[Collected data]
Start of Block

(* Let $\mathcal{S}$ be a finite skew translation generalized quadrangle of order $s$ with $s$ even, with elation group $G$ and associated $4$-gonal family $(G,\{A_i\}_{i=0}^s,\{A_i^*\}_{i=0}^s)$, and let $U_0:=\bigcap_{i=0}^s A_i^*$. Let $0\le i,j\le s$. Then: (1) if $g\in U_0$, then $|A_i^*\cap gG'|=|G'|$, and $|A_i\cap gG'|$ equals $1$ if $g\in G'$ and $0$ otherwise; (2) if $g\in U_0$, then $|A_i^*\cap g^G|=|g^G|$, and $|A_i\cap g^G|$ equals $1$ if $g=1$ and $0$ otherwise; (3) if $g\in A_j^*\setminus U_0$, then $|A_i^*\cap g^G|$ equals $|g^G|$ if $i=j$ and $0$ otherwise.
   Context: A generalized quadrangle of order $s$: each line has $s+1$ points, each point is on $s+1$ lines, and for each non-incident point-line pair $(P,\ell)$ there is a unique point on $\ell$ collinear with $P$. An elation about $P$ is an automorphism that is the identity or fixes each line through $P$ and no point not collinear with $P$; a symmetry about $P$ is an elation about $P$ fixing every point collinear with $P$. $\mathcal{S}$ is an elation generalized quadrangle with base point $P$ and elation group $G$ if $G$ consists of elations about $P$ and acts regularly on the points not collinear with $P$; it is a skew translation generalized quadrangle if $G$ contains a subgroup of $s$ symmetries about $P$. The associated $4$-gonal family: fix a point $y$ not collinear with $P$, let $M_0,\dots,M_s$ be the lines through $y$, let $z_i$ be the unique point of $M_i$ collinear with $P$, and let $A_i$, $A_i^*$ be the stabilizers in $G$ of $M_i$ and $z_i$ respectively. $g^G$ denotes the conjugacy class of $g$ and $G'$ the derived subgroup. *)

theory Defs
  imports "HOL-Algebra.Algebra"
begin

definition collinear :: "('p \<Rightarrow> 'l \<Rightarrow> bool) \<Rightarrow> 'p \<Rightarrow> 'p \<Rightarrow> bool" where
  "collinear inc x y \<longleftrightarrow> (\<exists>l. inc x l \<and> inc y l)"

definition GQ :: "('p::finite \<Rightarrow> 'l::finite \<Rightarrow> bool) \<Rightarrow> nat \<Rightarrow> bool" where
  "GQ inc s \<longleftrightarrow>
     (\<forall>l. card {x. inc x l} = s + 1) \<and>
     (\<forall>x. card {l. inc x l} = s + 1) \<and>
     (\<forall>x y l m. x \<noteq> y \<and> inc x l \<and> inc y l \<and> inc x m \<and> inc y m \<longrightarrow> l = m) \<and>
     (\<forall>x l. \<not> inc x l \<longrightarrow> (\<exists>!y. inc y l \<and> collinear inc x y))"

type_synonym ('p,'l) aut = "('p \<Rightarrow> 'p) \<times> ('l \<Rightarrow> 'l)"

definition automorphism :: "('p \<Rightarrow> 'l \<Rightarrow> bool) \<Rightarrow> ('p,'l) aut \<Rightarrow> bool" where
  "automorphism inc a \<longleftrightarrow> bij (fst a) \<and> bij (snd a) \<and>
     (\<forall>x l. inc x l \<longleftrightarrow> inc (fst a x) (snd a l))"

definition aut_group :: "('p,'l) aut set \<Rightarrow> ('p,'l) aut monoid" where
  "aut_group G = \<lparr>carrier = G, monoid.mult = (\<lambda>a b. (fst a \<circ> fst b, snd a \<circ> snd b)),
                   monoid.one = (id, id)\<rparr>"

definition aut_id :: "('p,'l) aut" where "aut_id = (id, id)"

definition elation :: "('p \<Rightarrow> 'l \<Rightarrow> bool) \<Rightarrow> 'p \<Rightarrow> ('p,'l) aut \<Rightarrow> bool" where
  "elation inc P a \<longleftrightarrow> automorphism inc a \<and>
     (a = aut_id \<or>
      ((\<forall>l. inc P l \<longrightarrow> snd a l = l) \<and>
       (\<forall>x. \<not> collinear inc x P \<longrightarrow> fst a x \<noteq> x)))"

definition symmetry :: "('p \<Rightarrow> 'l \<Rightarrow> bool) \<Rightarrow> 'p \<Rightarrow> ('p,'l) aut \<Rightarrow> bool" where
  "symmetry inc P a \<longleftrightarrow> elation inc P a \<and> (\<forall>x. collinear inc x P \<longrightarrow> fst a x = x)"

definition EGQ :: "('p::finite \<Rightarrow> 'l::finite \<Rightarrow> bool) \<Rightarrow> nat \<Rightarrow> 'p \<Rightarrow> ('p,'l) aut set \<Rightarrow> bool" where
  "EGQ inc s P G \<longleftrightarrow> GQ inc s \<and> group (aut_group G) \<and>
     (\<forall>a\<in>G. elation inc P a) \<and>
     (\<forall>x y. \<not> collinear inc x P \<and> \<not> collinear inc y P \<longrightarrow> (\<exists>!a. a \<in> G \<and> fst a x = y))"

definition STGQ :: "('p::finite \<Rightarrow> 'l::finite \<Rightarrow> bool) \<Rightarrow> nat \<Rightarrow> 'p \<Rightarrow> ('p,'l) aut set \<Rightarrow> bool" where
  "STGQ inc s P G \<longleftrightarrow> EGQ inc s P G \<and>
     (\<exists>C. subgroup C (aut_group G) \<and> card C = s \<and> (\<forall>a\<in>C. symmetry inc P a))"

End of Block

- WORK TO BE COMPLETED:
The whole block of entries above should be repeated exactly.

- TASK ANSWER:
(* Let $\mathcal{S}$ be a finite skew translation generalized quadrangle of order $s$ with $s$ even, with elation group $G$ and associated $4$-gonal family $(G,\{A_i\}_{i=0}^s,\{A_i^*\}_{i=0}^s)$, and let $U_0:=\bigcap_{i=0}^s A_i^*$. Let $0\le i,j\le s$. Then: (1) if $g\in U_0$, then $|A_i^*\cap gG'|=|G'|$, and $|A_i\cap gG'|$ equals $1$ if $g\in G'$ and $0$ otherwise; (2) if $g\in U_0$, then $|A_i^*\cap g^G|=|g^G|$, and $|A_i\cap g^G|$ equals $1$ if $g=1$ and $0$ otherwise; (3) if $g\in A_j^*\setminus U_0$, then $|A_i^*\cap g^G|$ equals $|g^G|$ if $i=j$ and $0$ otherwise.
   Context: A generalized quadrangle of order $s$: each line has $s+1$ points, each point is on $s+1$ lines, and for each non-incident point-line pair $(P,\ell)$ there is a unique point on $\ell$ collinear with $P$. An elation about $P$ is an automorphism that is the identity or fixes each line through $P$ and no point not collinear with $P$; a symmetry about $P$ is an elation about $P$ fixing every point collinear with $P$. $\mathcal{S}$ is an elation generalized quadrangle with base point $P$ and elation group $G$ if $G$ consists of elations about $P$ and acts regularly on the points not collinear with $P$; it is a skew translation generalized quadrangle if $G$ contains a subgroup of $s$ symmetries about $P$. The associated $4$-gonal family: fix a point $y$ not collinear with $P$, let $M_0,\dots,M_s$ be the lines through $y$, let $z_i$ be the unique point of $M_i$ collinear with $P$, and let $A_i$, $A_i^*$ be the stabilizers in $G$ of $M_i$ and $z_i$ respectively. $g^G$ denotes the conjugacy class of $g$ and $G'$ the derived subgroup. *)

theory Defs
  imports "HOL-Algebra.Algebra"
begin

definition collinear :: "('p \<Rightarrow> 'l \<Rightarrow> bool) \<Rightarrow> 'p \<Rightarrow> 'p \<Rightarrow> bool" where
  "collinear inc x y \<longleftrightarrow> (\<exists>l. inc x l \<and> inc y l)"

definition GQ :: "('p::finite \<Rightarrow> 'l::finite \<Rightarrow> bool) \<Rightarrow> nat \<Rightarrow> bool" where
  "GQ inc s \<longleftrightarrow>
     (\<forall>l. card {x. inc x l} = s + 1) \<and>
     (\<forall>x. card {l. inc x l} = s + 1) \<and>
     (\<forall>x y l m. x \<noteq> y \<and> inc x l \<and> inc y l \<and> inc x m \<and> inc y m \<longrightarrow> l = m) \<and>
     (\<forall>x l. \<not> inc x l \<longrightarrow> (\<exists>!y. inc y l \<and> collinear inc x y))"

type_synonym ('p,'l) aut = "('p \<Rightarrow> 'p) \<times> ('l \<Rightarrow> 'l)"

definition automorphism :: "('p \<Rightarrow> 'l \<Rightarrow> bool) \<Rightarrow> ('p,'l) aut \<Rightarrow> bool" where
  "automorphism inc a \<longleftrightarrow> bij (fst a) \<and> bij (snd a) \<and>
     (\<forall>x l. inc x l \<longleftrightarrow> inc (fst a x) (snd a l))"

definition aut_group :: "('p,'l) aut set \<Rightarrow> ('p,'l) aut monoid" where
  "aut_group G = \<lparr>carrier = G, monoid.mult = (\<lambda>a b. (fst a \<circ> fst b, snd a \<circ> snd b)),
                   monoid.one = (id, id)\<rparr>"

definition aut_id :: "('p,'l) aut" where "aut_id = (id, id)"

definition elation :: "('p \<Rightarrow> 'l \<Rightarrow> bool) \<Rightarrow> 'p \<Rightarrow> ('p,'l) aut \<Rightarrow> bool" where
  "elation inc P a \<longleftrightarrow> automorphism inc a \<and>
     (a = aut_id \<or>
      ((\<forall>l. inc P l \<longrightarrow> snd a l = l) \<and>
       (\<forall>x. \<not> collinear inc x P \<longrightarrow> fst a x \<noteq> x)))"

definition symmetry :: "('p \<Rightarrow> 'l \<Rightarrow> bool) \<Rightarrow> 'p \<Rightarrow> ('p,'l) aut \<Rightarrow> bool" where
  "symmetry inc P a \<longleftrightarrow> elation inc P a \<and> (\<forall>x. collinear inc x P \<longrightarrow> fst a x = x)"

definition EGQ :: "('p::finite \<Rightarrow> 'l::finite \<Rightarrow> bool) \<Rightarrow> nat \<Rightarrow> 'p \<Rightarrow> ('p,'l) aut set \<Rightarrow> bool" where
  "EGQ inc s P G \<longleftrightarrow> GQ inc s \<and> group (aut_group G) \<and>
     (\<forall>a\<in>G. elation inc P a) \<and>
     (\<forall>x y. \<not> collinear inc x P \<and> \<not> collinear inc y P \<longrightarrow> (\<exists>!a. a \<in> G \<and> fst a x = y))"

definition STGQ :: "('p::finite \<Rightarrow> 'l::finite \<Rightarrow> bool) \<Rightarrow> nat \<Rightarrow> 'p \<Rightarrow> ('p,'l) aut set \<Rightarrow> bool" where
  "STGQ inc s P G \<longleftrightarrow> EGQ inc s P G \<and>
     (\<exists>C. subgroup C (aut_group G) \<and> card C = s \<and> (\<forall>a\<in>C. symmetry inc P a))"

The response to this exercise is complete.